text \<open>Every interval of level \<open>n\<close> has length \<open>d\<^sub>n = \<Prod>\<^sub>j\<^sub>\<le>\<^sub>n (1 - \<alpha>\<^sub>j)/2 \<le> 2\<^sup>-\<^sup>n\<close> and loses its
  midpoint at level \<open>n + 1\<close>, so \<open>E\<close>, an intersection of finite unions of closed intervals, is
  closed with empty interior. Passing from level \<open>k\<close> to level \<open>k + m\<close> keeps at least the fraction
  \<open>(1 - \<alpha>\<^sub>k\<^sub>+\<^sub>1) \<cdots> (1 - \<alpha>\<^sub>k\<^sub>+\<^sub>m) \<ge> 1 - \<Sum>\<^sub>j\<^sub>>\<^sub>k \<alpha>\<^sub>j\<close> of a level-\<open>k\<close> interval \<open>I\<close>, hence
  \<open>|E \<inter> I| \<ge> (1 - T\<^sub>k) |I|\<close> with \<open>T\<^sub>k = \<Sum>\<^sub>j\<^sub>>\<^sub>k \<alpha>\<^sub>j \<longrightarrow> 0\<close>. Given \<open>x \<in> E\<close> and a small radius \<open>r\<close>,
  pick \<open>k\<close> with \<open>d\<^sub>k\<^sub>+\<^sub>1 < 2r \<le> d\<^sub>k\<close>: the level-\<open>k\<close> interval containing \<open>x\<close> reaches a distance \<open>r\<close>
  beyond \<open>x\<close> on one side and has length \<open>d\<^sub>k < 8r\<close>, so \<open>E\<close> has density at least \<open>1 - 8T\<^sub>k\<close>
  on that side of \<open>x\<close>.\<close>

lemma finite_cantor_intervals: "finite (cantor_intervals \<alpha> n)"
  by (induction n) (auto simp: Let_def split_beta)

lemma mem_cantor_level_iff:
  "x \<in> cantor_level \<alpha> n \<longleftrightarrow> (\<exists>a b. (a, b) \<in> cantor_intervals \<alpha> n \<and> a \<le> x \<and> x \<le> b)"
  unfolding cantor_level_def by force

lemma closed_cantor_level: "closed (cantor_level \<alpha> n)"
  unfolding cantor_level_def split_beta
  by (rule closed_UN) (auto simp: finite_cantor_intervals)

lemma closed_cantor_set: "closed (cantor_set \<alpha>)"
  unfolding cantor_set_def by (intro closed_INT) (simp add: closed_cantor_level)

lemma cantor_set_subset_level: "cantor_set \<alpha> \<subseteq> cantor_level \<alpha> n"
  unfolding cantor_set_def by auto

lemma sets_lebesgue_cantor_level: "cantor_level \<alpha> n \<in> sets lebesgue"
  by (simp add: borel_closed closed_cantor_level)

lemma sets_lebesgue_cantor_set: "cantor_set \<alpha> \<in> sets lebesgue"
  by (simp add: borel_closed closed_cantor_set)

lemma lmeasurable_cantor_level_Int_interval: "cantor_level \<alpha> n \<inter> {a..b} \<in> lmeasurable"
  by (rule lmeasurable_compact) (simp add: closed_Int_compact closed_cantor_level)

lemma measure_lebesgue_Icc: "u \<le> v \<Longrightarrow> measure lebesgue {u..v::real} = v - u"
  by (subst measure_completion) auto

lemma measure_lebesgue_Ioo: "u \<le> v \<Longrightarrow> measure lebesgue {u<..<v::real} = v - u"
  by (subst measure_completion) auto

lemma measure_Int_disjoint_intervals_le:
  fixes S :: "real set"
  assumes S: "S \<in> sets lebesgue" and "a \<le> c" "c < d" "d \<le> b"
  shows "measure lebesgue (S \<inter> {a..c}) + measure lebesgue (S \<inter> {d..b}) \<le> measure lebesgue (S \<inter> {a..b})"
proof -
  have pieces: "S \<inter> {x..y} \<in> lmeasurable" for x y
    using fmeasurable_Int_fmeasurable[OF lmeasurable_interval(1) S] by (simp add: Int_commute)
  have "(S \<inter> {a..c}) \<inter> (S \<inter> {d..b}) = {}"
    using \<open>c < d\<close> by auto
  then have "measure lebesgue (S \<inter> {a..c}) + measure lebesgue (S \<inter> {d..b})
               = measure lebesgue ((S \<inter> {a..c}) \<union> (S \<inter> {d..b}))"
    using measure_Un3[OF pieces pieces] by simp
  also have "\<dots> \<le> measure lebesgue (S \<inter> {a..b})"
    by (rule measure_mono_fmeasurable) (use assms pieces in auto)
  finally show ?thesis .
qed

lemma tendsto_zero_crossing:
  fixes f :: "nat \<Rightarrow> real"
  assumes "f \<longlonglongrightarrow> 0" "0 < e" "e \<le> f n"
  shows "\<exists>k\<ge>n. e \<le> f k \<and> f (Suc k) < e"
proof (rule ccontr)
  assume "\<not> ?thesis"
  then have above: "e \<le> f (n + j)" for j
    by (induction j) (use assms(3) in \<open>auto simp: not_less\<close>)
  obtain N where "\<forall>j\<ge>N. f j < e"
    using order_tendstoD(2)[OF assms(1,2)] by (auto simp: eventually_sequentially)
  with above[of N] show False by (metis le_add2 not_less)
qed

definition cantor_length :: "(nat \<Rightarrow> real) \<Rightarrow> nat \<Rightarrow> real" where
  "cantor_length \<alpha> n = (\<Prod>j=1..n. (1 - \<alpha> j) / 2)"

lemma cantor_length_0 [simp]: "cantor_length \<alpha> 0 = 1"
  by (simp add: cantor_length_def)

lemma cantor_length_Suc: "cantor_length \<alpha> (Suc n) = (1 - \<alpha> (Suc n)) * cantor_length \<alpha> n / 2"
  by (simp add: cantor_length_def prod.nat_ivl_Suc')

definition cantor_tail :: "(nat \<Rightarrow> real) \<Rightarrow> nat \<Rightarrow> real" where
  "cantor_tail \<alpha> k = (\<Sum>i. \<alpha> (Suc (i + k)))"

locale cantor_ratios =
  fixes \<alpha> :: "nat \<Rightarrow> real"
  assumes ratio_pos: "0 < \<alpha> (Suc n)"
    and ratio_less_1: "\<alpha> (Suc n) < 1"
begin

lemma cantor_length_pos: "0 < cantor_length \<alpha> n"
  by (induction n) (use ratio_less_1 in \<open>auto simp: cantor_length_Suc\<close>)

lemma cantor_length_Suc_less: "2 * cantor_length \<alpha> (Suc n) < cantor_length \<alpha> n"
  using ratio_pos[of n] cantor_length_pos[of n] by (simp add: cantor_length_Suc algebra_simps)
────────────────────────────────────────
Write out every line of the data again, exactly as it reads.

**RESPONSE**
text \<open>Every interval of level \<open>n\<close> has length \<open>d\<^sub>n = \<Prod>\<^sub>j\<^sub>\<le>\<^sub>n (1 - \<alpha>\<^sub>j)/2 \<le> 2\<^sup>-\<^sup>n\<close> and loses its
  midpoint at level \<open>n + 1\<close>, so \<open>E\<close>, an intersection of finite unions of closed intervals, is
  closed with empty interior. Passing from level \<open>k\<close> to level \<open>k + m\<close> keeps at least the fraction
  \<open>(1 - \<alpha>\<^sub>k\<^sub>+\<^sub>1) \<cdots> (1 - \<alpha>\<^sub>k\<^sub>+\<^sub>m) \<ge> 1 - \<Sum>\<^sub>j\<^sub>>\<^sub>k \<alpha>\<^sub>j\<close> of a level-\<open>k\<close> interval \<open>I\<close>, hence
  \<open>|E \<inter> I| \<ge> (1 - T\<^sub>k) |I|\<close> with \<open>T\<^sub>k = \<Sum>\<^sub>j\<^sub>>\<^sub>k \<alpha>\<^sub>j \<longrightarrow> 0\<close>. Given \<open>x \<in> E\<close> and a small radius \<open>r\<close>,
  pick \<open>k\<close> with \<open>d\<^sub>k\<^sub>+\<^sub>1 < 2r \<le> d\<^sub>k\<close>: the level-\<open>k\<close> interval containing \<open>x\<close> reaches a distance \<open>r\<close>
  beyond \<open>x\<close> on one side and has length \<open>d\<^sub>k < 8r\<close>, so \<open>E\<close> has density at least \<open>1 - 8T\<^sub>k\<close>
  on that side of \<open>x\<close>.\<close>

lemma finite_cantor_intervals: "finite (cantor_intervals \<alpha> n)"
  by (induction n) (auto simp: Let_def split_beta)

lemma mem_cantor_level_iff:
  "x \<in> cantor_level \<alpha> n \<longleftrightarrow> (\<exists>a b. (a, b) \<in> cantor_intervals \<alpha> n \<and> a \<le> x \<and> x \<le> b)"
  unfolding cantor_level_def by force

lemma closed_cantor_level: "closed (cantor_level \<alpha> n)"
  unfolding cantor_level_def split_beta
  by (rule closed_UN) (auto simp: finite_cantor_intervals)

lemma closed_cantor_set: "closed (cantor_set \<alpha>)"
  unfolding cantor_set_def by (intro closed_INT) (simp add: closed_cantor_level)

lemma cantor_set_subset_level: "cantor_set \<alpha> \<subseteq> cantor_level \<alpha> n"
  unfolding cantor_set_def by auto

lemma sets_lebesgue_cantor_level: "cantor_level \<alpha> n \<in> sets lebesgue"
  by (simp add: borel_closed closed_cantor_level)

lemma sets_lebesgue_cantor_set: "cantor_set \<alpha> \<in> sets lebesgue"
  by (simp add: borel_closed closed_cantor_set)

lemma lmeasurable_cantor_level_Int_interval: "cantor_level \<alpha> n \<inter> {a..b} \<in> lmeasurable"
  by (rule lmeasurable_compact) (simp add: closed_Int_compact closed_cantor_level)

lemma measure_lebesgue_Icc: "u \<le> v \<Longrightarrow> measure lebesgue {u..v::real} = v - u"
  by (subst measure_completion) auto

lemma measure_lebesgue_Ioo: "u \<le> v \<Longrightarrow> measure lebesgue {u<..<v::real} = v - u"
  by (subst measure_completion) auto

lemma measure_Int_disjoint_intervals_le:
  fixes S :: "real set"
  assumes S: "S \<in> sets lebesgue" and "a \<le> c" "c < d" "d \<le> b"
  shows "measure lebesgue (S \<inter> {a..c}) + measure lebesgue (S \<inter> {d..b}) \<le> measure lebesgue (S \<inter> {a..b})"
proof -
  have pieces: "S \<inter> {x..y} \<in> lmeasurable" for x y
    using fmeasurable_Int_fmeasurable[OF lmeasurable_interval(1) S] by (simp add: Int_commute)
  have "(S \<inter> {a..c}) \<inter> (S \<inter> {d..b}) = {}"
    using \<open>c < d\<close> by auto
  then have "measure lebesgue (S \<inter> {a..c}) + measure lebesgue (S \<inter> {d..b})
               = measure lebesgue ((S \<inter> {a..c}) \<union> (S \<inter> {d..b}))"
    using measure_Un3[OF pieces pieces] by simp
  also have "\<dots> \<le> measure lebesgue (S \<inter> {a..b})"
    by (rule measure_mono_fmeasurable) (use assms pieces in auto)
  finally show ?thesis .
qed

lemma tendsto_zero_crossing:
  fixes f :: "nat \<Rightarrow> real"
  assumes "f \<longlonglongrightarrow> 0" "0 < e" "e \<le> f n"
  shows "\<exists>k\<ge>n. e \<le> f k \<and> f (Suc k) < e"
proof (rule ccontr)
  assume "\<not> ?thesis"
  then have above: "e \<le> f (n + j)" for j
    by (induction j) (use assms(3) in \<open>auto simp: not_less\<close>)
  obtain N where "\<forall>j\<ge>N. f j < e"
    using order_tendstoD(2)[OF assms(1,2)] by (auto simp: eventually_sequentially)
  with above[of N] show False by (metis le_add2 not_less)
qed

definition cantor_length :: "(nat \<Rightarrow> real) \<Rightarrow> nat \<Rightarrow> real" where
  "cantor_length \<alpha> n = (\<Prod>j=1..n. (1 - \<alpha> j) / 2)"

lemma cantor_length_0 [simp]: "cantor_length \<alpha> 0 = 1"
  by (simp add: cantor_length_def)

lemma cantor_length_Suc: "cantor_length \<alpha> (Suc n) = (1 - \<alpha> (Suc n)) * cantor_length \<alpha> n / 2"
  by (simp add: cantor_length_def prod.nat_ivl_Suc')

definition cantor_tail :: "(nat \<Rightarrow> real) \<Rightarrow> nat \<Rightarrow> real" where
  "cantor_tail \<alpha> k = (\<Sum>i. \<alpha> (Suc (i + k)))"

locale cantor_ratios =
  fixes \<alpha> :: "nat \<Rightarrow> real"
  assumes ratio_pos: "0 < \<alpha> (Suc n)"
    and ratio_less_1: "\<alpha> (Suc n) < 1"
begin

lemma cantor_length_pos: "0 < cantor_length \<alpha> n"
  by (induction n) (use ratio_less_1 in \<open>auto simp: cantor_length_Suc\<close>)

lemma cantor_length_Suc_less: "2 * cantor_length \<alpha> (Suc n) < cantor_length \<alpha> n"
  using ratio_pos[of n] cantor_length_pos[of n] by (simp add: cantor_length_Suc algebra_simps)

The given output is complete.